[Dataset entries]

lemma Lp_loc_set_integrable:
  assumes mm: "mm_space M" and s: "1 \<le> s" and f: "Lp_loc M s f" and K: "compact K"
  shows "set_integrable M K f"
proof -
  have [measurable]: "f \<in> borel_measurable M" "K \<in> sets M"
    using f mm K by (simp_all add: Lp_loc_def mm_space_sets borel_compact)
  have "(\<integral>\<^sup>+ y. ennreal (norm (indicator K y *\<^sub>R f y)) \<partial>M) \<le>
    (\<integral>\<^sup>+ y. indicator K y + ennreal (\<bar>f y\<bar> powr s) * indicator K y \<partial>M)"
  proof (rule nn_integral_mono)
    fix y
    have "\<bar>f y\<bar> \<le> 1 + \<bar>f y\<bar> powr s"
    proof (cases "\<bar>f y\<bar> \<le> 1")
      case True
      then show ?thesis
        by (intro add_increasing2) auto
    next
      case False
      then have "\<bar>f y\<bar> powr 1 \<le> \<bar>f y\<bar> powr s"
        using s by (intro powr_mono) auto
      then show ?thesis
        by simp
    qed
    then have "ennreal \<bar>f y\<bar> \<le> ennreal (1 + \<bar>f y\<bar> powr s)"
      by (rule ennreal_leI)
    also have "\<dots> = 1 + ennreal (\<bar>f y\<bar> powr s)"
      by (simp add: ennreal_plus)
    finally have "ennreal \<bar>f y\<bar> \<le> 1 + ennreal (\<bar>f y\<bar> powr s)" .
    then show "ennreal (norm (indicator K y *\<^sub>R f y)) \<le> indicator K y + ennreal (\<bar>f y\<bar> powr s) * indicator K y"
      by (auto simp: indicator_def)
  qed
  also have "\<dots> = emeasure M K + (\<integral>\<^sup>+ y. ennreal (\<bar>f y\<bar> powr s) * indicator K y \<partial>M)"
    by (subst nn_integral_add) auto
  also have "\<dots> < \<infinity>"
    using emeasure_bounded_finite[OF mm compact_imp_bounded[OF K]] f K by (simp add: Lp_loc_def)
  finally show ?thesis
    unfolding set_integrable_def by (intro integrableI_bounded) auto
qed

lemma nn_integral_indicator_UN_disjoint:
  fixes f :: "'a \<Rightarrow> ennreal"
  assumes "finite I" "disjoint_family_on A I" "\<And>i. i \<in> I \<Longrightarrow> A i \<in> sets M" "f \<in> borel_measurable M"
  shows "(\<Sum>i\<in>I. \<integral>\<^sup>+ z. f z * indicator (A i) z \<partial>M) = (\<integral>\<^sup>+ z. f z * indicator (\<Union>i\<in>I. A i) z \<partial>M)"
proof -
  have "(\<Sum>i\<in>I. \<integral>\<^sup>+ z. f z * indicator (A i) z \<partial>M) = (\<integral>\<^sup>+ z. (\<Sum>i\<in>I. f z * indicator (A i) z) \<partial>M)"
    using assms(3,4) by (intro nn_integral_sum[symmetric]) auto
  also have "\<dots> = (\<integral>\<^sup>+ z. f z * indicator (\<Union>i\<in>I. A i) z \<partial>M)"
    by (simp add: indicator_UN_disjoint[OF assms(1,2)] sum_distrib_left)
  finally show ?thesis .
qed

lemma AE_le_imp_le_avg:
  assumes "set_integrable M B f" "B \<in> sets M" "emeasure M B < \<infinity>" "0 < measure M B"
    and "AE y in M. y \<in> B \<longrightarrow> c \<le> f y"
  shows "c \<le> avg M B f"
proof -
  have "set_integrable M B (\<lambda>_. c)"
    using assms(2,3) unfolding set_integrable_def by (intro integrableI_bounded_set_indicator[where B = "\<bar>c\<bar>"]) auto
  have "measure M B * c = (LINT y:B|M. c)"
    using assms(2,3) by (simp add: set_integral_const)
  also have "\<dots> \<le> (LINT y:B|M. f y)"
    using \<open>set_integrable M B (\<lambda>_. c)\<close> assms(1,5) by (rule set_integral_mono_AE)
  finally show ?thesis
    using assms(4) by (simp add: avg_def field_simps)
qed

section \<open>Power integrals on the half line\<close>

lemma nn_integral_powr_Ioo:
  fixes a e :: real
  assumes "0 \<le> a" "-1 < e"
  shows "(\<integral>\<^sup>+ t. ennreal (t powr e) * indicator {0<..<a} t \<partial>lborel) = ennreal (a powr (e + 1) / (e + 1))"
proof -
  have "((\<lambda>t. t powr e) has_integral (a powr (e + 1) / (e + 1))) {0..a}"
    using assms by (intro has_integral_powr_from_0) auto
  then have "(\<integral>\<^sup>+ t. ennreal (indicator {0..a} t * t powr e) \<partial>lborel) = ennreal (a powr (e + 1) / (e + 1))"
    by (intro nn_integral_has_integral_lebesgue) auto
  moreover have "AE t in lborel. ennreal (t powr e) * indicator {0<..<a} t = ennreal (indicator {0..a} t * t powr e)"
    using AE_lborel_singleton[of 0] AE_lborel_singleton[of a]
    by eventually_elim (auto simp: indicator_def)
  ultimately show ?thesis
    by (simp add: nn_integral_cong_AE)
qed

definition ennreal_powr :: "ennreal \<Rightarrow> real \<Rightarrow> ennreal" where
  "ennreal_powr a s = (if a = top then top else ennreal (enn2real a powr s))"

lemma ennreal_powr_eq_top_iff [simp]: "ennreal_powr a s = top \<longleftrightarrow> a = top"
  by (simp add: ennreal_powr_def)

lemma borel_measurable_ennreal_powr [measurable (raw)]:
  assumes [measurable]: "f \<in> borel_measurable M"
  shows "(\<lambda>x. ennreal_powr (f x) s) \<in> borel_measurable M"
  unfolding ennreal_powr_def by measurable

lemma ennreal_powr_mono:
  assumes "a \<le> b" "0 \<le> s"
  shows "ennreal_powr a s \<le> ennreal_powr b s"
proof (cases "b = top")
  case False
  then have "a \<noteq> top"
    using assms(1) by (auto simp: top_unique)
  then show ?thesis
    using False assms by (auto simp: ennreal_powr_def less_top intro!: ennreal_leI powr_mono2 enn2real_mono)
qed (simp add: ennreal_powr_def)

lemma nn_integral_layer_cake_powr:
  assumes s: "0 < s"
  shows "(\<integral>\<^sup>+ t. (if 0 < t \<and> ennreal t < a then ennreal (s * t powr (s - 1)) else 0) \<partial>lborel) =
    ennreal_powr a s"
proof -
  have layers: "(\<integral>\<^sup>+ t. ennreal (s * t powr (s - 1)) * indicator {0<..<b} t \<partial>lborel) = ennreal (b powr s)"
    if "0 \<le> b" for b
  proof -
    have "(\<integral>\<^sup>+ t. ennreal (s * t powr (s - 1)) * indicator {0<..<b} t \<partial>lborel) =
      ennreal s * (\<integral>\<^sup>+ t. ennreal (t powr (s - 1)) * indicator {0<..<b} t \<partial>lborel)"
      using s by (subst nn_integral_cmult[symmetric]) (auto simp: ennreal_mult mult.assoc)
    also have "\<dots> = ennreal (b powr s)"
      using that s by (simp add: nn_integral_powr_Ioo ennreal_mult[symmetric])
    finally show ?thesis .
  qed
  show ?thesis
  proof (cases a)
    case (real b)
    then have "(\<integral>\<^sup>+ t. (if 0 < t \<and> ennreal t < a then ennreal (s * t powr (s - 1)) else 0) \<partial>lborel) =
      (\<integral>\<^sup>+ t. ennreal (s * t powr (s - 1)) * indicator {0<..<b} t \<partial>lborel)"
      by (intro nn_integral_cong) (auto simp: ennreal_less_iff indicator_def)
    then show ?thesis
      using layers real by (simp add: ennreal_powr_def)
  next
    case top
    have "ennreal (real n) \<le> (\<integral>\<^sup>+ t. (if 0 < t \<and> ennreal t < a then ennreal (s * t powr (s - 1)) else 0) \<partial>lborel)"
      for n :: nat
    proof -
      have "ennreal (real n) = (\<integral>\<^sup>+ t. ennreal (s * t powr (s - 1)) * indicator {0<..<real n powr (1 / s)} t \<partial>lborel)"
        using s by (simp add: layers powr_powr)
      also have "\<dots> \<le> (\<integral>\<^sup>+ t. (if 0 < t \<and> ennreal t < a then ennreal (s * t powr (s - 1)) else 0) \<partial>lborel)"
        using top by (intro nn_integral_mono) (auto simp: indicator_def)
      finally show ?thesis .
    qed
    then have "(SUP n. of_nat n :: ennreal) \<le>
      (\<integral>\<^sup>+ t. (if 0 < t \<and> ennreal t < a then ennreal (s * t powr (s - 1)) else 0) \<partial>lborel)"
      by (auto intro!: SUP_least simp: ennreal_of_nat_eq_real_of_nat)
    then show ?thesis
      using top by (simp add: ennreal_SUP_of_nat_eq_top ennreal_powr_def top_unique)
  qed
qed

> [WORK ITEM]: Wherever a line contains the string "else", copy that line from the data.

> [RESULT FOR THIS TASK]:
  "ennreal_powr a s = (if a = top then top else ennreal (enn2real a powr s))"
  shows "(\<integral>\<^sup>+ t. (if 0 < t \<and> ennreal t < a then ennreal (s * t powr (s - 1)) else 0) \<partial>lborel) =
    then have "(\<integral>\<^sup>+ t. (if 0 < t \<and> ennreal t < a then ennreal (s * t powr (s - 1)) else 0) \<partial>lborel) =
    have "ennreal (real n) \<le> (\<integral>\<^sup>+ t. (if 0 < t \<and> ennreal t < a then ennreal (s * t powr (s - 1)) else 0) \<partial>lborel)"
      also have "\<dots> \<le> (\<integral>\<^sup>+ t. (if 0 < t \<and> ennreal t < a then ennreal (s * t powr (s - 1)) else 0) \<partial>lborel)"
      (\<integral>\<^sup>+ t. (if 0 < t \<and> ennreal t < a then ennreal (s * t powr (s - 1)) else 0) \<partial>lborel)"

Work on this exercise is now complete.